The cardiac imaging physician spends a considerable amount of time at a powerful workstation, reviewing the thousands of source images generated from a CCTA examination. The physician reconstructs the source data in many imaging planes using advanced reconstruction algorithms, including curved multiplanar reformats, maximum intensity projection (MIPS) and 3D volume rendered images, to display the anatomy and the pathology. 4D images are also generated to measure cardiac ejection fraction and analyze wall motion. Each coronary segment is reported according to the American Heart Association guidelines.
Clinical Indications of CCTA
Although the technical parameters and reproducibility of CCTA are now well established, the exact role CCTA will play in the evaluation of patients with known or suspected coronary artery disease has yet to be determined. In conjunction with a multispecialty task force, the American College of Radiology published appropriateness criteria for CCTA in the Journal of the American College of Radiology in October of 2006.
No societies are advocating the use of CCTA in screening asymptomatic patients who are at low risk for CAD. Patients with a high risk stratification and typical symptoms should probably proceed to invasive coronary angiography for possible percutaneous intervention. Patients with atypical symptoms or those with an intermediate risk stratification may benefit from CCTA. Many published studies have confirmed the near 100% negative predictive value of a CCTA examination. This will avoid the high cost of multiple imaging studies or an invasive coronary angiogram in a significant number of patients with a simple noninvasive and relatively inexpensive examination.

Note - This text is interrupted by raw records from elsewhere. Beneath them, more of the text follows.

(* Let $e\in\mathbb{Z}_{\ge0}$ and let $A\subseteq\mathbb{R}^2$ be finite and not contained in any element of $\mathcal{C}_{\le e}$. Let $\mathcal{R}$ be the family of subsets $B\subseteq A$ with $|B|=\binom{e+2}{2}$ such that $B$ is not contained in any element of $\mathcal{C}_{\le e}$. Then \[ |\mathcal{R}|\geq\frac{1}{2^{\binom{e+2}{2}-1}}|A|. \]
   Context: For $k\in\mathbb{Z}^+$, a curve of degree $k$ is the zero set in $\mathbb{R}^2$ of a polynomial in $\mathbb{R}[x,y]$ of degree exactly $k$; $\mathcal{C}_k$ is the family of such curves, $\mathcal{C}_{\le k}:=\bigcup_{j=1}^k\mathcal{C}_j$, and $\mathcal{C}_{\le 0}:=\emptyset$. *)

theory Defs
  imports Complex_Main
begin

definition bipoly_eval :: "nat \<Rightarrow> (nat \<Rightarrow> nat \<Rightarrow> real) \<Rightarrow> real \<Rightarrow> real \<Rightarrow> real" where
  "bipoly_eval k c x y = (\<Sum>i\<le>k. \<Sum>j\<le>k - i. c i j * x ^ i * y ^ j)"

definition curves_deg :: "nat \<Rightarrow> (real \<times> real) set set" where
  "curves_deg k = {Z. \<exists>c. (\<exists>i j. i + j = k \<and> c i j \<noteq> 0) \<and>
                       Z = {(x, y). bipoly_eval k c x y = 0}}"
lemma poly_eq_sum_coeff_lessThan:
  fixes p :: "'a::comm_semiring_1 poly"
  assumes "degree p < n"
  shows "poly p z = (\<Sum>k<n. coeff p k * z ^ k)"
proof -
  have "(\<Sum>k\<le>degree p. coeff p k * z ^ k) = (\<Sum>k<n. coeff p k * z ^ k)"
    by (rule sum.mono_neutral_left) (use assms in \<open>auto simp: coeff_eq_0\<close>)
  then show ?thesis by (simp add: poly_altdef)
qed

lemma degree_prod_linear_le:
  fixes x :: "nat \<Rightarrow> 'a::comm_ring_1"
  assumes "finite S"
  shows "degree (\<Prod>l\<in>S. [:- x l, 1:]) \<le> card S"
proof -
  have "degree (\<Prod>l\<in>S. [:- x l, 1:]) \<le> (\<Sum>l\<in>S. degree [:- x l, 1:])"
    using degree_prod_sum_le[OF assms, of "\<lambda>l. [:- x l, 1:]"] by simp
  also have "\<dots> \<le> card S" by (simp add: sum_mono[of S _ "\<lambda>_. 1", simplified])
  finally show ?thesis .
qed

\<comment> \<open>Pairing coefficients with descending powers evaluates the reversed polynomial.\<close>
lemma sum_coeff_prod_linear_powi:
  fixes x :: "nat \<Rightarrow> 'a::field"
  assumes "finite S" "card S < n" "z \<noteq> 0"
  shows "(\<Sum>k<n. coeff (\<Prod>l\<in>S. [:- x l, 1:]) k * z powi (m - int k))
       = z powi (m - int (card S)) * (\<Prod>l\<in>S. (1 - z * x l))"
proof -
  let ?F = "\<Prod>l\<in>S. [:- x l, 1:]"
  have deg: "degree ?F < n"
    using degree_prod_linear_le[OF assms(1)] assms(2) by (rule le_less_trans)
  have "z powi (m - int k) = z powi m * inverse z ^ k" for k
    using assms(3) by (simp add: power_int_diff power_inverse divide_inverse)
  then have "(\<Sum>k<n. coeff ?F k * z powi (m - int k)) = z powi m * poly ?F (inverse z)"
    by (simp add: poly_eq_sum_coeff_lessThan[OF deg] sum_distrib_left algebra_simps)
  also have "poly ?F (inverse z) = (\<Prod>l\<in>S. inverse z * (1 - z * x l))"
    using assms(3) by (auto simp: poly_prod right_diff_distrib intro!: prod.cong)
  also have "\<dots> = inverse z ^ card S * (\<Prod>l\<in>S. (1 - z * x l))"
    by (simp add: prod.distrib)
  also have "z powi m * (inverse z ^ card S * (\<Prod>l\<in>S. (1 - z * x l)))
      = z powi (m - int (card S)) * (\<Prod>l\<in>S. (1 - z * x l))"
    using assms(3) by (simp add: power_int_diff power_inverse divide_inverse)
  finally show ?thesis .
qed

\<comment> \<open>The Vandermonde matrix times this coefficient matrix is diagonal.\<close>
lemma det_coeff_mat_prod_linear:
  fixes x :: "nat \<Rightarrow> 'a::idom"
  assumes inj: "inj_on x {..<n}"
  shows "det (mat n n (\<lambda>(k,j). coeff (\<Prod>l\<in>{..<n}-{j}. [:- x l, 1:]) k))
       = (\<Prod>i<n. \<Prod>j\<in>{i<..<n}. (x i - x j))"
proof -
  define K where "K = mat n n (\<lambda>(k,j). coeff (\<Prod>l\<in>{..<n}-{j}. [:- x l, 1:]) k)"
  define V where "V = mat n n (\<lambda>(i,k). x i ^ k)"
  define D where "D = mat n n (\<lambda>(i,j). if i = j then (\<Prod>l\<in>{..<n}-{i}. (x i - x l)) else 0)"
  have "V * K = D"
  proof (rule eq_matI)
    fix i j assume i: "i < dim_row D" and j: "j < dim_col D"
    have deg: "degree (\<Prod>l\<in>{..<n}-{j}. [:- x l, 1:]) < n"
      using degree_prod_linear_le[of "{..<n}-{j}" x] j by (auto simp: D_def)
    have "(V * K) $$ (i,j) = poly (\<Prod>l\<in>{..<n}-{j}. [:- x l, 1:]) (x i)"
      using i j by (simp add: V_def K_def D_def scalar_prod_def poly_eq_sum_coeff_lessThan[OF deg]
          atLeast0LessThan mult.commute)
    also have "\<dots> = D $$ (i,j)"
      using i j by (auto simp: D_def poly_prod)
    finally show "(V * K) $$ (i,j) = D $$ (i,j)" .
  qed (auto simp: V_def K_def D_def)
  then have "det V * det K = det D"
    using det_mult[of V n K] by (simp add: V_def K_def)
  also have "det D = (\<Prod>i<n. \<Prod>l\<in>{..<n}-{i}. (x i - x l))"
    by (subst det_upper_triangular[of _ n])
       (auto simp: upper_triangular_def D_def diag_mat_def prod.list_conv_set_nth atLeast0LessThan)
  also have "\<dots> = det V * (\<Prod>i<n. \<Prod>j\<in>{i<..<n}. (x i - x j))"
    unfolding prod_offdiag_split V_def det_vandermonde ..
  finally have "det V * det K = det V * (\<Prod>i<n. \<Prod>j\<in>{i<..<n}. (x i - x j))" .
  moreover have "det V \<noteq> 0"
    using inj unfolding V_def det_vandermonde by (auto dest: inj_onD)
  ultimately show ?thesis by (simp add: K_def)
qed
(* Let $Q=(q_n)_{n\ge1}$ be a basic sequence that is infinite in limit and grows slowly, i.e. there is a constant $M$ with $\omega_n\le M$ for all $n\ge1$. Then $\dim_H\Theta_Q=\dim_B\Theta_Q=0$ (in particular the box-counting dimension of $\Theta_Q$ exists).
   Context: A basic sequence is a sequence $Q=(q_n)_{n\ge1}$ of integers with $q_n\ge 2$; it is infinite in limit if $q_n\to\infty$. $\mathbb{N}$ denotes the positive integers. For each positive integer $j$ let $\nu_j=\min\{N : q_m\ge 2j^2 \text{ for all } m\ge N\}$. Define $l_1=\max(\nu_2-1,1)$ and, recursively for $i\ge 2$, $l_i=\max\big(\min\{k\in\mathbb{N} : l_1+2l_2+\cdots+(i-1)l_{i-1}+ik\ge \nu_{i+1}-1\},1\big)$. Put $L_i=\sum_{j=1}^i jl_j$ (with $L_0=0$). Let $S_Q=\{(a,b,c)\in\mathbb{N}^3 : b\le l_a,\ c\le a\}$ and $\phi_Q(a,b,c)=L_{a-1}+(b-1)a+c$; $\phi_Q$ is a bijection $S_Q\to\mathbb{N}$. A $Q$-special sequence is a family of integers $F=(F_{(a,b,c)})_{(a,b,c)\in S_Q}$ with $F_{(a,b,1)}=0$ for all $(a,b,1)\in S_Q$ and $\frac{F_{(a,b,c)}}{q_{\phi_Q(a,b,c)}}\in\left[\frac{c-1}{a}-\frac{1}{2a^2},\frac{c-1}{a}+\frac{1}{2a^2}\right]$ for $(a,b,c)\in S_Q$ with $c>1$. Let $\Gamma_Q$ be the set of $Q$-special sequences. For $F\in\Gamma_Q$ put $E_{F,n}=F_{\phi_Q^{-1}(n)}$ and $x_F=\sum_{n=1}^\infty \frac{E_{F,n}}{q_1q_2\cdots q_n}$. Define $\Theta_Q=\{x_F : F\in\Gamma_Q\}\subseteq[0,1)$ and $\omega_n=\#\{E_{F,n} : F\in\Gamma_Q\}$. $\dim_H$ denotes Hausdorff dimension. For nonempty $J\subseteq[0,1)$, let $C_\delta(J)$ be the smallest number of sets of diameter at most $\delta$ covering $J$; the box-counting dimension is $\dim_B J=\lim_{\delta\to0}\frac{\log C_\delta(J)}{-\log\delta}$ when this limit exists. *)

theory Defs
  imports "HOL-Analysis.Analysis"
begin

section \<open>Basic sequences (q 0 is ignored; indices start at 1)\<close>

definition basic_seq :: "(nat \<Rightarrow> nat) \<Rightarrow> bool" where
  "basic_seq q \<longleftrightarrow> (\<forall>n\<ge>1. q n \<ge> 2)"

definition infinite_in_limit :: "(nat \<Rightarrow> nat) \<Rightarrow> bool" where
  "infinite_in_limit q \<longleftrightarrow> filterlim q at_top sequentially"

definition nu :: "(nat \<Rightarrow> nat) \<Rightarrow> nat \<Rightarrow> nat" where
  "nu q j = (LEAST N. N \<ge> 1 \<and> (\<forall>m\<ge>N. q m \<ge> 2 * j^2))"

text \<open>lstep q i Lprev computes l_(i+1) from L_i = Lprev.\<close>
definition lstep :: "(nat \<Rightarrow> nat) \<Rightarrow> nat \<Rightarrow> nat \<Rightarrow> nat" where
  "lstep q i Lprev =
     (if i = 0 then max (nu q 2 - 1) 1
      else max (LEAST k. k \<ge> 1 \<and> Lprev + Suc i * k \<ge> nu q (i + 2) - 1) 1)"

fun Lq :: "(nat \<Rightarrow> nat) \<Rightarrow> nat \<Rightarrow> nat" where
  "Lq q 0 = 0"
| "Lq q (Suc i) = Lq q i + Suc i * lstep q i (Lq q i)"

fun lq :: "(nat \<Rightarrow> nat) \<Rightarrow> nat \<Rightarrow> nat" where
  "lq q 0 = 0"
| "lq q (Suc i) = lstep q i (Lq q i)"

definition SQ :: "(nat \<Rightarrow> nat) \<Rightarrow> (nat \<times> nat \<times> nat) set" where
  "SQ q = {(a, b, c). 1 \<le> a \<and> 1 \<le> b \<and> 1 \<le> c \<and> b \<le> lq q a \<and> c \<le> a}"

definition phiQ :: "(nat \<Rightarrow> nat) \<Rightarrow> nat \<times> nat \<times> nat \<Rightarrow> nat" where
  "phiQ q t = (case t of (a, b, c) \<Rightarrow> Lq q (a - 1) + (b - 1) * a + c)"

text \<open>Q-special sequences: families of integers indexed by S_Q (values outside S_Q
  are irrelevant and never used).\<close>
definition GammaQ :: "(nat \<Rightarrow> nat) \<Rightarrow> (nat \<times> nat \<times> nat \<Rightarrow> int) set" where
  "GammaQ q = {F. (\<forall>a b. (a, b, 1) \<in> SQ q \<longrightarrow> F (a, b, 1) = 0) \<and>
     (\<forall>a b c. (a, b, c) \<in> SQ q \<and> c > 1 \<longrightarrow>
        real_of_int (F (a, b, c)) / real (q (phiQ q (a, b, c)))
          \<in> {(real c - 1) / real a - 1 / (2 * real a ^ 2) ..
             (real c - 1) / real a + 1 / (2 * real a ^ 2)})}"

definition EF :: "(nat \<Rightarrow> nat) \<Rightarrow> (nat \<times> nat \<times> nat \<Rightarrow> int) \<Rightarrow> nat \<Rightarrow> int" where
  "EF q F n = F (inv_into (SQ q) (phiQ q) n)"
lemma automorphism_cycle_map:
  assumes "0 < n" "e \<in> {1, -1}"
  shows "automorphism (C_V n) (C_E n) (cycle_map n a e)"
proof (rule automorphismI)
  have "inj_on (cycle_map n a e) (C_V n)"
  proof (rule inj_onI)
    fix i j assume "i \<in> C_V n" "j \<in> C_V n" "cycle_map n a e i = cycle_map n a e j"
    then show "i = j"
      using cycle_map_step_cong[OF assms, of a j i 0] cong_less_imp_eq_of_nat unfolding C_V_def by auto
  qed
  moreover have "cycle_map n a e ` C_V n \<subseteq> C_V n" using cycle_map_less[OF assms(1)] unfolding C_V_def by auto
  ultimately show "bij_betw (cycle_map n a e) (C_V n) (C_V n)"
    unfolding bij_betw_def C_V_def by (simp add: endo_inj_surj)
  fix i j assume ij: "i \<in> C_V n" "j \<in> C_V n"
  let ?\<phi> = "cycle_map n a e"
  have "C_E n (?\<phi> i) (?\<phi> j) \<longleftrightarrow> (\<exists>d\<in>{1, -1}. [int (?\<phi> j) = int (?\<phi> i) + d] (mod int n))"
    unfolding C_E_iff_cong using cycle_map_less[OF assms(1)] by blast
  also have "\<dots> \<longleftrightarrow> (\<exists>d\<in>{1, -1}. [int j = int i + e * d] (mod int n))"
    using cycle_map_step_cong[OF assms] by blast
  also have "\<dots> \<longleftrightarrow> (\<exists>d\<in>{1, -1}. [int j = int i + d] (mod int n))"
    using assms(2) by auto
  also have "\<dots> \<longleftrightarrow> C_E n i j" unfolding C_E_iff_cong using ij unfolding C_V_def by simp
  finally show "C_E n i j \<longleftrightarrow> C_E n (?\<phi> i) (?\<phi> j)" ..
qed

lemma C_vertex_transitive:
  assumes "a0 < n" "b0 < n"
  obtains \<phi> where "automorphism (C_V n) (C_E n) \<phi>" "\<phi> a0 = b0"
proof
  have "0 < n" using assms by simp
  show "automorphism (C_V n) (C_E n) (cycle_map n (int b0 - int a0) 1)"
    using automorphism_cycle_map[OF \<open>0 < n\<close>] by simp
  show "cycle_map n (int b0 - int a0) 1 a0 = b0" using assms unfolding cycle_map_def by simp
qed

lemma C_edge_transitive:
  assumes "C_E n a0 a1" "C_E n b0 b1"
  obtains \<phi> where "automorphism (C_V n) (C_E n) \<phi>" "\<phi> a0 = b0" "\<phi> a1 = b1"
proof -
  obtain ea eb where e: "ea \<in> {1, -1}" "eb \<in> {1, -1}" and lt: "a0 < n" "a1 < n" "b0 < n" "b1 < n"
    and a: "[int a1 = int a0 + ea] (mod int n)" and b: "[int b1 = int b0 + eb] (mod int n)"
    using assms unfolding C_E_iff_cong by blast
  define e where "e = ea * eb"
  define \<phi> where "\<phi> = cycle_map n (int b0 - e * int a0) e"
  have n: "0 < n" and "e \<in> {1, -1}" using lt e unfolding e_def by auto
  have "\<phi> a0 = b0" using lt unfolding \<phi>_def cycle_map_def by simp
  moreover have "[int (\<phi> a1) = int (\<phi> a0) + eb] (mod int n)"
    unfolding \<phi>_def cycle_map_step_cong[OF n \<open>e \<in> {1, -1}\<close>] using a e unfolding e_def by auto
  then have "\<phi> a1 = b1"
    using b lt \<open>\<phi> a0 = b0\<close> cycle_map_less[OF n] cong_less_imp_eq_of_nat unfolding \<phi>_def
    by (metis cong_sym cong_trans)
  ultimately show ?thesis using that automorphism_cycle_map[OF n \<open>e \<in> {1, -1}\<close>] unfolding \<phi>_def by blast
qed

lemma C_E_unique_other_neighbour:
  assumes "C_E n p a" "C_E n p b" "C_E n p q" "a \<noteq> q" "b \<noteq> q"
  shows "a = b"
proof -
  obtain ea eb eq where e: "ea \<in> {1, -1}" "eb \<in> {1, -1}" "eq \<in> {1, -1}" and lt: "a < n" "b < n" "q < n"
    and cg: "[int a = int p + ea] (mod int n)" "[int b = int p + eb] (mod int n)" "[int q = int p + eq] (mod int n)"
    using assms(1-3) unfolding C_E_iff_cong by blast
  have "ea \<noteq> eq" "eb \<noteq> eq"
    using cg lt assms(4,5) cong_less_imp_eq_of_nat by (metis cong_sym cong_trans)+
  then have "ea = eb" using e by auto
  then show ?thesis using cg lt cong_less_imp_eq_of_nat by (metis cong_sym cong_trans)
qed

lemma C_automorphism_matching:
  assumes "a0 \<in> A" "a0 < n" "f a0 < n"
    and fE: "\<And>x y. x \<in> A \<Longrightarrow> y \<in> A \<Longrightarrow> C_E n x y \<Longrightarrow> C_E n (f x) (f y)"
  obtains \<phi> where "automorphism (C_V n) (C_E n) \<phi>" "\<phi> a0 = f a0"
    and "\<exists>a1\<in>A. C_E n a0 a1 \<Longrightarrow> \<exists>a1\<in>A. C_E n a0 a1 \<and> \<phi> a1 = f a1"
proof (cases "\<exists>a1\<in>A. C_E n a0 a1")
  case True
  then obtain a1 where a1: "a1 \<in> A" "C_E n a0 a1" by blast
  from C_edge_transitive[OF a1(2) fE[OF assms(1) a1]] that a1 show ?thesis by metis
next
  case False
  from C_vertex_transitive[OF assms(2,3)] that False show ?thesis by metis
qed

text \<open>An automorphism that agrees with the monomorphism on a vertex and, if possible, on one of
  its neighbours agrees with it everywhere: both must send the second neighbour of an agreeing
  vertex to the unique other neighbour of its image.\<close>
lemma C_MI_C: "C_MI (C_V n) (C_E n)"
proof (rule C_MI_I)
  fix A f assume cA: "conn_induced (C_V n) (C_E n) A" and mf: "mono_from (C_V n) (C_E n) A f"
  have AV: "\<And>a. a \<in> A \<Longrightarrow> a < n" using cA unfolding conn_induced_def C_V_def by auto
  have fV: "\<And>a. a \<in> A \<Longrightarrow> f a < n" and finj: "inj_on f A"
    and fE: "\<And>x y. x \<in> A \<Longrightarrow> y \<in> A \<Longrightarrow> C_E n x y \<Longrightarrow> C_E n (f x) (f y)"
    using mf unfolding mono_from_def C_V_def by auto
  obtain a0 where a0: "a0 \<in> A" using cA unfolding conn_induced_def by auto
  obtain \<phi> where \<phi>: "automorphism (C_V n) (C_E n) \<phi>" "\<phi> a0 = f a0"
    and \<phi>1: "\<exists>a1\<in>A. C_E n a0 a1 \<Longrightarrow> \<exists>a1\<in>A. C_E n a0 a1 \<and> \<phi> a1 = f a1"
    using C_automorphism_matching[where f = f, OF a0 AV[OF a0] fV[OF a0] fE] by blast
  have \<phi>inj: "\<And>x y. x < n \<Longrightarrow> y < n \<Longrightarrow> \<phi> x = \<phi> y \<Longrightarrow> x = y"
    and \<phi>E: "\<And>x y. x < n \<Longrightarrow> y < n \<Longrightarrow> C_E n x y \<longleftrightarrow> C_E n (\<phi> x) (\<phi> y)"
    using \<phi>(1) unfolding automorphism_def bij_betw_def C_V_def inj_on_def by auto
  have spread: "f w = \<phi> w"
    if "u \<in> A" "v \<in> A" "w \<in> A" "C_E n v u" "C_E n v w" "w \<noteq> u" "f u = \<phi> u" "f v = \<phi> v" for u v w
  proof (rule C_E_unique_other_neighbour)
    show "C_E n (\<phi> v) (f w)" using fE[of v w] that by simp
    show "C_E n (\<phi> v) (\<phi> w)" "C_E n (\<phi> v) (\<phi> u)" using \<phi>E AV that by blast+
    show "f w \<noteq> \<phi> u" "\<phi> w \<noteq> \<phi> u" using finj \<phi>inj AV that unfolding inj_on_def by metis+
  qed
  define Q where "Q u \<longleftrightarrow> f u = \<phi> u \<and> (\<forall>w\<in>A. C_E n u w \<longrightarrow> f w = \<phi> w)" for u
  have "Q a0"
    unfolding Q_def
  proof (intro conjI ballI impI)
    show "f a0 = \<phi> a0" using \<phi>(2) by simp
    fix w assume w: "w \<in> A" "C_E n a0 w"
    obtain a1 where a1: "a1 \<in> A" "C_E n a0 a1" "\<phi> a1 = f a1" using \<phi>1 w by blast
    show "f w = \<phi> w"
      using spread[OF a1(1) a0 w(1) a1(2) w(2)] a1 \<phi>(2) by (cases "w = a1") auto
  qed
  have "Q v" if "v \<in> A" for v
  proof (rule conn_induced_induct[where P = Q, OF cA a0 that \<open>Q a0\<close>])
    fix u v assume uv: "u \<in> A" "v \<in> A" "C_E n u v" and "Q u"
    then have "C_E n v u" unfolding C_E_def by auto
    then show "Q v"
      using \<open>Q u\<close> uv spread[OF uv(1,2)] unfolding Q_def by metis
  qed
  then show "\<exists>g. automorphism (C_V n) (C_E n) g \<and> (\<forall>x\<in>A. g x = f x)"
    using \<phi>(1) unfolding Q_def by auto
qed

One of the most common indications for CCTA is a discordant or equivocal stress test. CCTA has been shown to be superior to invasive coronary angiography in evaluation of coronary artery anomalies and the evaluation of CABG grafts. CCTA has shown promise in evaluation of coronary stents. However, current technology limits evaluation to proximal stents greater than 3.5 mm. An additional advantage of CCTA is the ability to find noncardiac causes of chest pain, such as pulmonary embolism, aortic dissection or aneurysm, as well as pleural disease, lung parenchymal disease, esophageal pathology and chest wall disease. Up to 16% of CCTA examinations contain significant findings outside of the heart.